Investment research company Sanford Bernstein reports US-centric food companies are experiencing a “major surge in demand” as the Covid-19 crisis leads to panic buying. 

It estimates a so-called “channel shift” could benefit food-at-home volume by around 20%.

Bernstein said: “Once this initial panic buying period is over, we will likely transition to a period where restaurant closures continue to support food-at-home consumption growth.”

At present, companies are stepping up production by increasing capacity utilisation, focusing on core SKUs, and switching to shipping whole pallets of single products instead of mixed assortments, it said. 

But Bernstein said the risk is, that if any plants are found to have infected workers they could immediately be closed until fully decontaminated.

It added: “Food production and grocery may be two of the least-disrupted sectors in the current coronavirus crisis, but this does not mean they are free from disruption and variation in the opportunities ahead. 

“Our biggest concern is not about fundamental food security, rather it is about how well each company can leverage its (and its partners’) peak capabilities to mitigate simultaneous supply chain and consumer shocks.”

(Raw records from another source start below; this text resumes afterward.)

(* Let $\Omega$ be a bounded domain in $\mathbb{H}^{n+1}$ and let $\phi$ be a smooth, positive, even function on $\mathbb{R}$ with $(\log\phi)''\ge0$. Then $$\int_\Omega\phi'(\lambda)\lambda'\lambda\,dv\ge\eta\Big(\int_\Omega\phi(\lambda)\lambda'\,dv\Big),$$ where $\eta$ is determined by $$\eta\Big(\omega_n\int_0^t\phi(s)s^n\,ds\Big)=\omega_n\int_0^t\phi'(s)s^{n+1}\,ds\qquad\forall\,t\ge0.$$ If $\phi(\lambda(r))$ is not constant on $\Omega$, then equality holds if and only if $\Omega$ is a geodesic ball centered at the origin.
   Context: A fixed point of $\mathbb{H}^{n+1}$ is the origin; $r$ is the geodesic distance to it, $\lambda=\sinh r$, $\lambda'=\cosh r$. $dv$ is the hyperbolic volume element and $\omega_n$ the area of the unit sphere $\mathbb{S}^n$. *)

theory Defs
  imports "HOL-Analysis.Analysis"
begin

text \<open>Model of hyperbolic space H^(n+1): the Poincare ball model on the open unit
  ball of a Euclidean space 'a with DIM('a) = n+1; the origin is 0.\<close>

definition poincare_ball :: "'a::euclidean_space set" where
  "poincare_ball = ball 0 1"

definition hdist0 :: "'a::euclidean_space \<Rightarrow> real" where
  "hdist0 x = ln ((1 + norm x) / (1 - norm x))"

definition hlam :: "'a::euclidean_space \<Rightarrow> real" where
  "hlam x = sinh (hdist0 x)"

definition hlam' :: "'a::euclidean_space \<Rightarrow> real" where
  "hlam' x = cosh (hdist0 x)"

text \<open>Density of the hyperbolic volume element dv with respect to Lebesgue measure.\<close>
definition hdens :: "'a::euclidean_space \<Rightarrow> real" where
  "hdens x = (2 / (1 - (norm x)\<^sup>2)) ^ DIM('a)"

definition hyp_integral :: "'a::euclidean_space set \<Rightarrow> ('a \<Rightarrow> real) \<Rightarrow> real" where
  "hyp_integral \<Omega> f = (LINT x:\<Omega>|lborel. f x * hdens x)"

text \<open>Bounded domain: nonempty, open, connected, regular open (a minimal boundary
  regularity, implied by a C^1 boundary), and bounded in the hyperbolic metric.\<close>
definition hyp_bounded_domain :: "'a::euclidean_space set \<Rightarrow> bool" where
  "hyp_bounded_domain \<Omega> \<longleftrightarrow> \<Omega> \<noteq> {} \<and> open \<Omega> \<and> connected \<Omega> \<and>
     interior (closure \<Omega>) = \<Omega> \<and>
     \<Omega> \<subseteq> poincare_ball \<and> (\<exists>R. \<forall>x\<in>\<Omega>. hdist0 x \<le> R)"

definition hyp_ball0 :: "real \<Rightarrow> 'a::euclidean_space set" where
  "hyp_ball0 \<rho> = {x \<in> poincare_ball. hdist0 x < \<rho>}"

text \<open>Area of the unit sphere S^n in R^(n+1).\<close>
definition sphere_area :: "nat \<Rightarrow> real" where
  "sphere_area n = 2 * pi powr ((real n + 1) / 2) / Gamma ((real n + 1) / 2)"

definition smooth_fun :: "(real \<Rightarrow> real) \<Rightarrow> bool" where
  "smooth_fun f \<longleftrightarrow> (\<forall>k x. ((deriv ^^ k) f) differentiable (at x))"

end

theory Submission
  imports Defs
begin

text \<open>Write \<open>w = \<phi>(\<lambda>) \<lambda>' dv\<close> and \<open>e(s) = s \<phi>'(s) / \<phi>(s)\<close>, so that the two integrals
  of the theorem are \<open>\<integral> w\<close> and \<open>\<integral> e(\<lambda>) w\<close>. Log-convexity and evenness make \<open>e\<close>
  nondecreasing on \<open>[0, \<infinity>)\<close>. Let \<open>B\<close> be the centered ball with the same \<open>w\<close>-mass
  as \<open>\<Omega>\<close> and \<open>c\<close> the value of \<open>e(\<lambda>)\<close> on its boundary sphere. Because the masses agree,
  \<open>\<integral>\<^sub>\<Omega> e(\<lambda>) w - \<integral>\<^sub>B e(\<lambda>) w\<close> equals the integral of \<open>(e(\<lambda>) - c) w\<close> over \<open>\<Omega> - B\<close>
  plus that of \<open>(c - e(\<lambda>)) w\<close> over \<open>B - \<Omega>\<close>, and both integrands are nonnegative since
  \<open>\<lambda>\<close> grows with the distance to the origin. On centered balls, polar coordinates
  turn both integrals into the one-dimensional integrals defining \<open>\<eta>\<close>, so balls give
  equality. Conversely, equality makes both integrands vanish almost everywhere: if
  \<open>e\<close> increases strictly beyond the boundary value, \<open>\<Omega>\<close> and \<open>B\<close> differ by a null set
  and, \<open>\<Omega>\<close> being regular open, coincide; otherwise \<open>\<phi>'(\<lambda>)\<close> vanishes on \<open>\<Omega>\<close>.\<close>

section \<open>Integrals of radial functions over balls\<close>

lemma set_integrable_radial:
  fixes h :: "real \<Rightarrow> real"
  assumes h: "continuous_on {0..<1} h" and b: "b < 1"
    and S: "S \<in> sets lborel" "S \<subseteq> cball 0 b"
  shows "set_integrable lborel S (\<lambda>x::'a::euclidean_space. h (norm x))"
proof -
  have "continuous_on (cball (0::'a) b) (\<lambda>x. h (norm x))"
    by (rule continuous_on_compose2[OF h continuous_on_norm_id]) (use b in auto)
  then have "set_integrable lborel (cball (0::'a) b) (\<lambda>x. h (norm x))"
    unfolding set_integrable_def by (rule borel_integrable_compact[OF compact_cball])
  then show ?thesis using S set_integrable_subset by blast
qed

lemma annulus_integral_radial_bound:
  fixes h :: "real \<Rightarrow> real"
  assumes h: "continuous_on {0..<1} h" and ab: "0 \<le> a" "a \<le> b" "b < 1"
    and close: "\<And>u. a \<le> u \<Longrightarrow> u \<le> b \<Longrightarrow> \<bar>h u - c\<bar> \<le> e"
  shows "\<bar>(LINT x:ball (0::'a::euclidean_space) b|lborel. h (norm x))
            - (LINT x:ball (0::'a) a|lborel. h (norm x))
            - c * (measure lborel (ball (0::'a) b) - measure lborel (ball (0::'a) a))\<bar>
         \<le> e * (measure lborel (ball (0::'a) b) - measure lborel (ball (0::'a) a))"
proof -
  define S where "S = ball (0::'a) b - ball 0 a"
  have S_sets: "S \<in> sets lborel" unfolding S_def by auto
  have int_S: "set_integrable lborel S (\<lambda>x::'a. h (norm x))"
    by (rule set_integrable_radial[OF h ab(3) S_sets]) (auto simp: S_def)
  have int_a: "set_integrable lborel (ball 0 a) (\<lambda>x::'a. h (norm x))"
    by (rule set_integrable_radial[OF h ab(3)]) (use ab in auto)
  have split: "(LINT x:ball (0::'a) b|lborel. h (norm x))
      = (LINT x:ball (0::'a) a|lborel. h (norm x)) + (LINT x:S|lborel. h (norm x))"
  proof -
    have "ball (0::'a) b = ball 0 a \<union> S" "ball 0 a \<inter> S = {}" using ab by (auto simp: S_def)
    then show ?thesis using set_integral_Un[OF _ int_a int_S] by simp
  qed
  have measure_S: "measure lborel S = measure lborel (ball (0::'a) b) - measure lborel (ball (0::'a) a)"
    unfolding S_def using ab by (subst measure_Diff) (auto simp: emeasure_ball)
  have finite_S: "emeasure lborel S \<noteq> \<infinity>"
    using emeasure_mono[of S "ball (0::'a) b" lborel] emeasure_ball[of b "0::'a"] ab
    by (auto simp: S_def top_unique)
  have int_const: "set_integrable lborel S (\<lambda>x::'a. k)" for k :: real
    using finite_S S_sets by (simp add: set_integrable_def less_top)
  have "\<bar>(LINT x:S|lborel. h (norm x)) - c * measure lborel S\<bar> = \<bar>LINT x:S|lborel. h (norm x) - c\<bar>"
    using set_integral_diff(2)[OF int_S int_const] set_integral_const[OF S_sets finite_S, of c]
    by (simp add: mult.commute)
  also have "\<dots> \<le> (LINT x:S|lborel. \<bar>h (norm x) - c\<bar>)"
    using set_integral_norm_bound[OF set_integral_diff(1)[OF int_S int_const]] by simp
  also have "\<dots> \<le> (LINT x:S|lborel. e)"
    using set_integrable_abs[OF set_integral_diff(1)[OF int_S int_const]] int_const
    by (intro set_integral_mono) (auto intro!: close simp: S_def)
  also have "\<dots> = e * measure lborel S" using set_integral_const[OF S_sets finite_S, of e] by simp
  finally show ?thesis using split by (auto simp: measure_S algebra_simps)
qed
(* Assume $\Sigma_1=\sigma_1^2\mathbf I_K$ with $\sigma_1>0$, and let $\nu_2>0$. Then for every $(\mathbf t,\mathbf c(\mathbf t))\in\mathcal A_K(\alpha_0)$, $$\omega_K\{\mathbf 0,\Sigma_1,\nu_2,\mathbf t,\mathbf c(\mathbf t)\}\le\omega_K\{\mathbf 0,\Sigma_1,\nu_2,\mathbf 0,\mathbf c^*\}.$$ That is, at $\boldsymbol\theta=\mathbf 0$ the multivariate cTOST is the most powerful among all tests defined by pairs in $\mathcal A_K(\alpha_0)$.
   Context: Multivariate setting. Fix an integer $K\ge2$, $c_0>0$, $\alpha_0\in(0,1/2)$, $\nu_2>0$, and a positive definite $K\times K$ matrix $\Sigma_1$ with diagonal entries $\sigma_{1,k}^2$. Let $\widehat{\boldsymbol\theta}\sim\mathcal N_K(\boldsymbol\theta,\Sigma_1)$ and $\widehat\Sigma_1$ be independent with $\nu_2\widehat\Sigma_1\sim W_K(\Sigma_1,\nu_2)$ (Wishart), and let $\widehat\sigma_{1,k}$ be the square root of the $k$th diagonal entry of $\widehat\Sigma_1$. For $\mathbf t\in[0,\infty)^K$, $\mathbf c\in(0,\infty)^K$ define $$\omega_K(\boldsymbol\theta,\Sigma_1,\nu_2,\mathbf t,\mathbf c)=\Pr\Big(\bigcap_{k=1}^K\{t_k\widehat\sigma_{1,k}-c_k<\widehat\theta_k<c_k-t_k\widehat\sigma_{1,k}\}\Big).$$ The marginal (univariate) rejection probability is $\omega(\theta,s,\nu_2,t,c)=\Pr(t\widehat\sigma-c<\widehat\theta<c-t\widehat\sigma)$ for independent $\widehat\theta\sim\mathcal N(\theta,s^2)$, $\nu_2\widehat\sigma^2/s^2\sim\chi^2_{\nu_2}$. Define $\mathcal A_K(\alpha_0)$ as the set of pairs $(\mathbf t,\mathbf c)$ with $\mathbf t\in[0,\infty)^K$, $\mathbf c\in(0,\infty)^K$, $\sup_{\boldsymbol\theta\notin(-c_0,c_0)^K}\omega_K(\boldsymbol\theta,\Sigma_1,\nu_2,\mathbf t,\mathbf c)=\alpha_0$, and $\omega(c_0,\sigma_{1,1},\nu_2,t_1,c_1)=\cdots=\omega(c_0,\sigma_{1,K},\nu_2,t_K,c_K)$ (equal marginal sizes). For fixed $\mathbf t$, $\mathbf c(\mathbf t)=(c_1(\mathbf t),\ldots,c_K(\mathbf t))$ denotes the unique $\mathbf c$ with $(\mathbf t,\mathbf c)\in\mathcal A_K(\alpha_0)$. The multivariate cTOST corresponds to $\mathbf t=\mathbf 0$ and $\mathbf c^*:=\mathbf c(\mathbf 0)$. *)

theory Defs
  imports "HOL-Probability.Probability"
begin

Turning to Europe, Bernstein believes what it describes as ‘phase two’ of the spread of the virus is “the real challenge”. 

It said this is where just 1% of infections leads to a 5%+ absent workforce.

“Retailers and suppliers will have to work together to keep the nation fed. But the industry is prepared for major disruption and plans are already in action,” it said.

Bernstein said it prefers UK “names” as they have “spare capacity to absorb extra demand, single geography focus and are in advanced stages of plans to mitigate supply chain disruption”.